Warga Frustrasi Akibat Digempur Mafia Tanah, Tokoh Adat Manggarai Langsung Merespons, Simak Kalimatnya
Di Flores, kasus misalnya terkait lahan suku Paumere di Nangapanda, Kabupaten Ende yang diklaim milik institusi TNI; kasus penguasaan lahan Sepang-Nggieng di Labuan Bajo; dan konflik lahan Desa Pubabu, Kecamatan Amanuban Selatan, Kabupaten Timor Tengah Selatan (TTS).
Menurut Petrus, konfik lahan terjadi karena masuknya pemilik modal dan mafia besar untuk kepentingan bisnis dan lain sebagainnya.
"Kehadiran mereka memunculkan persoalan.

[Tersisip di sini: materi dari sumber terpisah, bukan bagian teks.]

(* The set $Sort_2$ of $2$-sortable permutations is a permutation class whose basis (the set of minimal permutations, under pattern containment, not in $Sort_2$) is infinite; in particular the basis contains every permutation $\alpha^{(j)}$, $j\ge0$, where $\alpha^{(j)}=2j+4,\ 3,\ \omega^{(j)},\ 1,\ 5,\ 2$ and $\omega^{(j)}=2j+2,2j+5,2j,2j+3,\dots,6,9,4,7$ is the concatenation over $i=j,j-1,\dots,1$ of the pairs $2i+2,2i+5$.
   Context: The $\mathfrak{D}^k\mathfrak{I}$ machine consists of $k$ stacks $D_1,\dots,D_k$ (decreasing stacks) followed in series by a stack $I$ (increasing stack). The input permutation is read from left to right. The elements of each $D_i$ must be in decreasing order from top to bottom (top is largest), and those of $I$ in increasing order from top to bottom (top is smallest). Operations: $d_0$ pushes the next input element into $D_1$; $d_i$ ($1\le i\le k-1$) moves the top of $D_i$ to $D_{i+1}$; $d_k$ moves the top of $D_k$ to $I$; $d_{k+1}$ pops the top of $I$ and appends it to the output. An operation is legal if it respects the stack restrictions. A permutation $\pi$ is $k$-sortable if some sequence of legal operations outputs the elements of $\pi$ in increasing order; $Sort_k$ is the set of $k$-sortable permutations. A class is a downset of the pattern containment poset. *)

theory Defs
  imports Main
begin

definition is_perm :: "nat list \<Rightarrow> bool" where
  "is_perm p \<longleftrightarrow> distinct p \<and> set p = {1..length p}"

definition order_iso :: "nat list \<Rightarrow> nat list \<Rightarrow> bool" where
  "order_iso xs ys \<longleftrightarrow> length xs = length ys \<and>
     (\<forall>i<length xs. \<forall>j<length xs. xs!i < xs!j \<longleftrightarrow> ys!i < ys!j)"

definition contains :: "nat list \<Rightarrow> nat list \<Rightarrow> bool" where
  "contains p s \<longleftrightarrow> (\<exists>A. order_iso (nths p A) s)"
(* For $\mathbf x\in\Lambda$ with $\mathbf x(t)=2$, $$\Pi^{(1)}_{p_c}(\mathbf x)=\sum_{\mathbf s:\ \mathbf s(t)=1}\mathbb P_{p_c}\big(\{[\mathbf o,\mathbf s\rangle\to\mathbf x\}\circ\{\mathbf o\to\mathbf x\}\big).$$
   Context: Let $\Lambda=\mathbb Z^d\times\mathbb Z_+$; points $\mathbf x=(\mathbf x(s),\mathbf x(t))$; $\mathbf o=(o,0)$. Let $D(x)=\frac1{2d}\mathbf 1\{|x|=1\}$. Oriented percolation with parameter $p\in[0,2d]$: for $\mathbf x=(x,t),\mathbf y=(y,t+1)$ with $x\ne y$ the bond $[\mathbf x,\mathbf y\rangle$ is open with probability $pD(y-x)$, independently; law $\mathbb P_p$. A bond is $b=[\underline b,\bar b\rangle$. $\mathbf x\to\mathbf y$: open directed path from $\mathbf x$ to $\mathbf y$ (with $\mathbf x\to\mathbf x$). $p_c=\inf\{p:\mathbb P_p(\text{infinite open path from }\mathbf o)>0\}$. $\circ$: bond-disjoint occurrence; $\{\mathbf x\Rightarrow\mathbf y\}:=\{\mathbf x\to\mathbf y\}\circ\{\mathbf x\to\mathbf y\}$. $\{b\to\mathbf x\}$: $b$ open and $\bar b\to\mathbf x$ (so $\{[\mathbf o,\mathbf s\rangle\to\mathbf x\}$ means the bond $[\mathbf o,\mathbf s\rangle$ is open and $\mathbf s\to\mathbf x$). $b'$ is pivotal for $\{\mathbf v\to\mathbf x\}$ if $\mathbf v\to\mathbf x$ occurs but not when $b'$ is made closed; $\mathrm{piv}(\mathbf v\to\mathbf x)$ the set of these. $\tilde C^b(\mathbf u)$: vertices connected from $\mathbf u$ by open paths not using $b$. For $S\subset\Lambda$, $E(b,\mathbf x;S)=\{b\to\mathbf x\}\cap\{\mathbf x\in S\}\cap\{\underline{b'}\notin S\ \forall b'\in\mathrm{piv}(\bar b\to\mathbf x)\}$. $\Pi^{(1)}_p(\mathbf x)=\sum_{b_1}\mathbb P_p\big(\{\mathbf o\Rightarrow\underline b_1\}\cap E(b_1,\mathbf x;\tilde C^{b_1}(\mathbf o))\big)$ over all bonds. *)

theory Defs
  imports "HOL-Probability.Probability"
begin

text \<open>Points of Lambda = Z^d x Z_+: the dimension d is CARD('d) for a finite type 'd.\<close>
type_synonym 'd vtx = "('d \<Rightarrow> int) \<times> nat"
type_synonym 'd bnd = "'d vtx \<times> 'd vtx"
type_synonym 'd cfg = "'d bnd \<Rightarrow> bool"

definition origin :: "'d vtx" where
  "origin = ((\<lambda>_. 0), 0)"

definition isbond :: "'d::finite bnd \<Rightarrow> bool" where
  "isbond b \<longleftrightarrow> snd (snd b) = Suc (snd (fst b)) \<and>
     (\<Sum>i\<in>UNIV. \<bar>fst (snd b) i - fst (fst b) i\<bar>) = 1"

text \<open>Probability that the pair b is open: p D(y-x) for bonds, 0 otherwise.\<close>
definition bondprob :: "real \<Rightarrow> 'd::finite bnd \<Rightarrow> real" where
  "bondprob p b = (if isbond b then p / (2 * real CARD('d)) else 0)"

definition Pperc :: "real \<Rightarrow> 'd::finite cfg measure" where
  "Pperc p = (\<Pi>\<^sub>M b\<in>UNIV. measure_pmf (bernoulli_pmf (bondprob p b)))"

definition conn :: "'d::finite cfg \<Rightarrow> 'd vtx \<Rightarrow> 'd vtx \<Rightarrow> bool" where
  "conn \<omega> u v \<longleftrightarrow> (\<exists>ps. ps \<noteq> [] \<and> hd ps = u \<and> last ps = v \<and>
     (\<forall>i < length ps - 1. isbond (ps ! i, ps ! Suc i) \<and> \<omega> (ps ! i, ps ! Suc i)))"

definition perc_inf :: "'d::finite cfg \<Rightarrow> 'd vtx \<Rightarrow> bool" where
  "perc_inf \<omega> u \<longleftrightarrow> (\<exists>f. f 0 = u \<and> (\<forall>n. isbond (f n, f (Suc n)) \<and> \<omega> (f n, f (Suc n))))"

definition pc :: "'d::finite itself \<Rightarrow> real" where
  "pc _ = Inf {p \<in> {0..2 * real CARD('d)}.
      measure (Pperc p :: 'd cfg measure) {\<omega> \<in> space (Pperc p). perc_inf \<omega> origin} > 0}"

text \<open>Bond-disjoint occurrence (van den Berg--Kesten): there are disjoint sets of bonds
  K, L such that the configuration on K alone guarantees A and on L alone guarantees B.\<close>
definition witnessed :: "'d bnd set \<Rightarrow> ('d cfg \<Rightarrow> bool) \<Rightarrow> 'd cfg \<Rightarrow> bool" where
  "witnessed K A \<omega> \<longleftrightarrow> (\<forall>\<omega>'. (\<forall>b\<in>K. \<omega>' b = \<omega> b) \<longrightarrow> A \<omega>')"

definition bdisj :: "('d cfg \<Rightarrow> bool) \<Rightarrow> ('d cfg \<Rightarrow> bool) \<Rightarrow> 'd cfg \<Rightarrow> bool" where
  "bdisj A B \<omega> \<longleftrightarrow> (\<exists>K L. K \<inter> L = {} \<and> witnessed K A \<omega> \<and> witnessed L B \<omega>)"

definition dconn :: "'d::finite cfg \<Rightarrow> 'd vtx \<Rightarrow> 'd vtx \<Rightarrow> bool" where
  "dconn \<omega> u v \<longleftrightarrow> bdisj (\<lambda>\<omega>. conn \<omega> u v) (\<lambda>\<omega>. conn \<omega> u v) \<omega>"

definition bconn :: "'d::finite cfg \<Rightarrow> 'd bnd \<Rightarrow> 'd vtx \<Rightarrow> bool" where
  "bconn \<omega> b x \<longleftrightarrow> \<omega> b \<and> conn \<omega> (snd b) x"

definition pivotal :: "'d::finite cfg \<Rightarrow> 'd bnd \<Rightarrow> 'd vtx \<Rightarrow> 'd vtx \<Rightarrow> bool" where
  "pivotal \<omega> c v x \<longleftrightarrow> conn \<omega> v x \<and> \<not> conn (fun_upd \<omega> c False) v x"

definition Ctil :: "'d::finite cfg \<Rightarrow> 'd bnd \<Rightarrow> 'd vtx \<Rightarrow> 'd vtx set" where
  "Ctil \<omega> b u = {w. conn (fun_upd \<omega> b False) u w}"

definition Eev :: "'d::finite cfg \<Rightarrow> 'd bnd \<Rightarrow> 'd vtx \<Rightarrow> 'd vtx set \<Rightarrow> bool" where
  "Eev \<omega> b x S \<longleftrightarrow> bconn \<omega> b x \<and> x \<in> S \<and>
     (\<forall>c. pivotal \<omega> c (snd b) x \<longrightarrow> fst c \<notin> S)"

definition Pi1 :: "real \<Rightarrow> 'd::finite vtx \<Rightarrow> real" where
  "Pi1 p x = (\<Sum>\<^sub>\<infinity> b \<in> {b. isbond b}.
     measure (Pperc p) {\<omega> \<in> space (Pperc p).
        dconn \<omega> origin (fst b) \<and> Eev \<omega> b x (Ctil \<omega> b origin)})"

end

theory Submission
  imports Defs
begin

text \<open>
  An open path gains one unit of time per bond, so a connection from \<open>o\<close> to a point \<open>x\<close> at
  time 2 is a two-step route \<open>o \<rightarrow> s \<rightarrow> x\<close>. A bond \<open>[v, v'\<rangle>\<close> with \<open>v \<noteq> o\<close> contributes nothing
  to \<open>\<Pi>\<^sup>(\<^sup>1\<^sup>)(x)\<close>: either \<open>v'\<close> is too late to reach \<open>x\<close>, or \<open>v\<close> lies at time 1, where \<open>o \<Rightarrow> v\<close>
  would need the single bond \<open>[o, v\<rangle>\<close> twice. For the bond \<open>[o, s\<rangle>\<close> both the
  \<open>\<Pi>\<^sup>(\<^sup>1\<^sup>)\<close>-event and \<open>{[o, s\<rangle> \<rightarrow> x} \<circ> {o \<rightarrow> x}\<close> say exactly that \<open>o \<rightarrow> s \<rightarrow> x\<close> is open and
  some second route \<open>o \<rightarrow> w \<rightarrow> x\<close> with \<open>w \<noteq> s\<close> is open, so the summands agree configuration by
  configuration. None of this depends on the value \<open>p = p\<^sub>c\<close>.
\<close>

lemma bond_time: "isbond (u, v) \<Longrightarrow> snd v = Suc (snd u)"
  by (simp add: isbond_def)

lemma path_time:
  fixes ps :: "'d::finite vtx list"
  assumes "ps \<noteq> []" and "\<forall>i < length ps - 1. isbond (ps ! i, ps ! Suc i)"
  shows "snd (last ps) = snd (hd ps) + (length ps - 1)"
  using assms
proof (induction ps rule: induct_list012)
  case (3 u v ps)
  have "\<forall>i < length (v # ps) - 1. isbond ((v # ps) ! i, (v # ps) ! Suc i)"
  proof (intro allI impI)
    fix i assume "i < length (v # ps) - 1"
    then show "isbond ((v # ps) ! i, (v # ps) ! Suc i)"
      using "3.prems"(2)[rule_format, of "Suc i"] by simp
  qed
  moreover have "snd v = Suc (snd u)"
    using "3.prems"(2)[rule_format, of 0] by (simp add: bond_time)
  ultimately show ?case
    using "3.IH"(2) by simp
qed simp_all

lemma conn_time_le:
  assumes "conn \<omega> u v"
  shows "snd u \<le> snd v"
  using assms path_time unfolding conn_def by fastforce

lemma conn_time_eq_imp_eq:
  assumes "conn \<omega> u v" and "snd v = snd u"
  shows "u = v"
proof -
  obtain ps where ps: "ps \<noteq> []" "hd ps = u" "last ps = v"
    "\<forall>i < length ps - 1. isbond (ps ! i, ps ! Suc i) \<and> \<omega> (ps ! i, ps ! Suc i)"
    using assms(1) unfolding conn_def by blast
  then have "length ps = 1"
    using path_time[of ps] assms(2) by (cases ps) auto
  with ps show "u = v" by (cases ps) auto
qed

lemma conn_refl: "conn \<omega> u u"
  unfolding conn_def by (rule exI[of _ "[u]"]) simp

lemma conn_iff_first_step:
  "conn \<omega> u v \<longleftrightarrow> u = v \<or> (\<exists>w. isbond (u, w) \<and> \<omega> (u, w) \<and> conn \<omega> w v)"
proof
  assume "conn \<omega> u v"
  then obtain qs where ps: "last (u # qs) = v"
    "\<forall>i < length qs. isbond ((u # qs) ! i, qs ! i) \<and> \<omega> ((u # qs) ! i, qs ! i)"
    unfolding conn_def by (metis diff_Suc_1 hd_Cons_tl length_Cons nth_Cons_Suc)
  show "u = v \<or> (\<exists>w. isbond (u, w) \<and> \<omega> (u, w) \<and> conn \<omega> w v)"
  proof (cases qs)
    case Nil
    then show ?thesis using ps by simp
  next
    case (Cons w rs)
    have "conn \<omega> w v" unfolding conn_def
      using ps Cons by (intro exI[of _ qs]) auto
    moreover have "isbond (u, w) \<and> \<omega> (u, w)"
      using ps(2)[rule_format, of 0] Cons by simp
    ultimately show ?thesis by blast
  qed
next
  assume "u = v \<or> (\<exists>w. isbond (u, w) \<and> \<omega> (u, w) \<and> conn \<omega> w v)"
  then show "conn \<omega> u v"
  proof
    assume "\<exists>w. isbond (u, w) \<and> \<omega> (u, w) \<and> conn \<omega> w v"
    then obtain w qs where path: "isbond (u, w)" "\<omega> (u, w)" "qs \<noteq> []" "hd qs = w" "last qs = v"
      "\<forall>i < length qs - 1. isbond (qs ! i, qs ! Suc i) \<and> \<omega> (qs ! i, qs ! Suc i)"
      unfolding conn_def by blast
    show ?thesis unfolding conn_def
    proof (intro exI[of _ "u # qs"] conjI allI impI)
      fix i assume "i < length (u # qs) - 1"
      with path show "isbond ((u # qs) ! i, (u # qs) ! Suc i)" "\<omega> ((u # qs) ! i, (u # qs) ! Suc i)"
        by (cases i; auto simp: hd_conv_nth)+
    qed (use path in auto)
  qed (simp add: conn_refl)
qed

lemma conn_next_time_iff:
  assumes "snd v = Suc (snd u)"
  shows "conn \<omega> u v \<longleftrightarrow> isbond (u, v) \<and> \<omega> (u, v)"
proof
  assume "conn \<omega> u v"
  moreover have "u \<noteq> v" using assms by auto
  ultimately obtain w where "isbond (u, w)" "\<omega> (u, w)" "conn \<omega> w v"
    using conn_iff_first_step by metis
  then show "isbond (u, v) \<and> \<omega> (u, v)"
    using assms bond_time conn_time_eq_imp_eq by metis
next
  assume "isbond (u, v) \<and> \<omega> (u, v)"
  then show "conn \<omega> u v"
    using conn_iff_first_step conn_refl by blast
qed

lemma conn_two_steps_iff:
  assumes "snd v = Suc (Suc (snd u))"
  shows "conn \<omega> u v \<longleftrightarrow> (\<exists>w. isbond (u, w) \<and> \<omega> (u, w) \<and> isbond (w, v) \<and> \<omega> (w, v))"
proof -
  have "conn \<omega> w v \<longleftrightarrow> isbond (w, v) \<and> \<omega> (w, v)" if "isbond (u, w)" for w
    using that assms bond_time conn_next_time_iff by metis
  moreover have "u \<noteq> v" using assms by auto
  ultimately show ?thesis
    using conn_iff_first_step[of \<omega> u v] by auto
qed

Dengan kekuatan modal, pengusaha dan mafia besar bisa beli semua, mereka acak-acak semua," kata dalam diskusi RKN.
Petrus yang juga advokat Peradi ini mengatakan, dari segi regulasi yang diatur dalam UUD 1945, UU Agraria, peraturan pemerintah dan lain sebagainya, ditekankan perlindungan negara atas tanah ulayat dan masyarakat adat.
"Tetapi dalam praktiknya banyak penggusuran atas nama kepentingan nama lapangan kerja dan pembangunan. Masyarakat yang jadi korban. Tidak ada perlindungan negara," jelas Petrus.
Anggota Komisi IV dari Fraksi PDI Perjuangan Yohanis Fransiskus Lema mengatakan putusan Mahkamah Konstitusi yang mengabulkan gugatan Aliansi Masyarakat Adat Nusantara (AMAN) terkait UU No 41 Tahun 1999 tentang Kehutanan pengganti UU No 5 Tahun 1967 tentang Pokok-Pokok Kehutanan harusnya menjadi langkah baru bagi negara untuk memperhatikan masyarakat adat.
Namun faktannya, kata pria yang akrab disapa Ansy Lema ini, kerap kali hak masyarakat adat dicaplok atas nama pembangunan.
"Ini membuat masyarakat adat dengan hak-haknya mengalami proses marjinalisasi," ujar Ansy.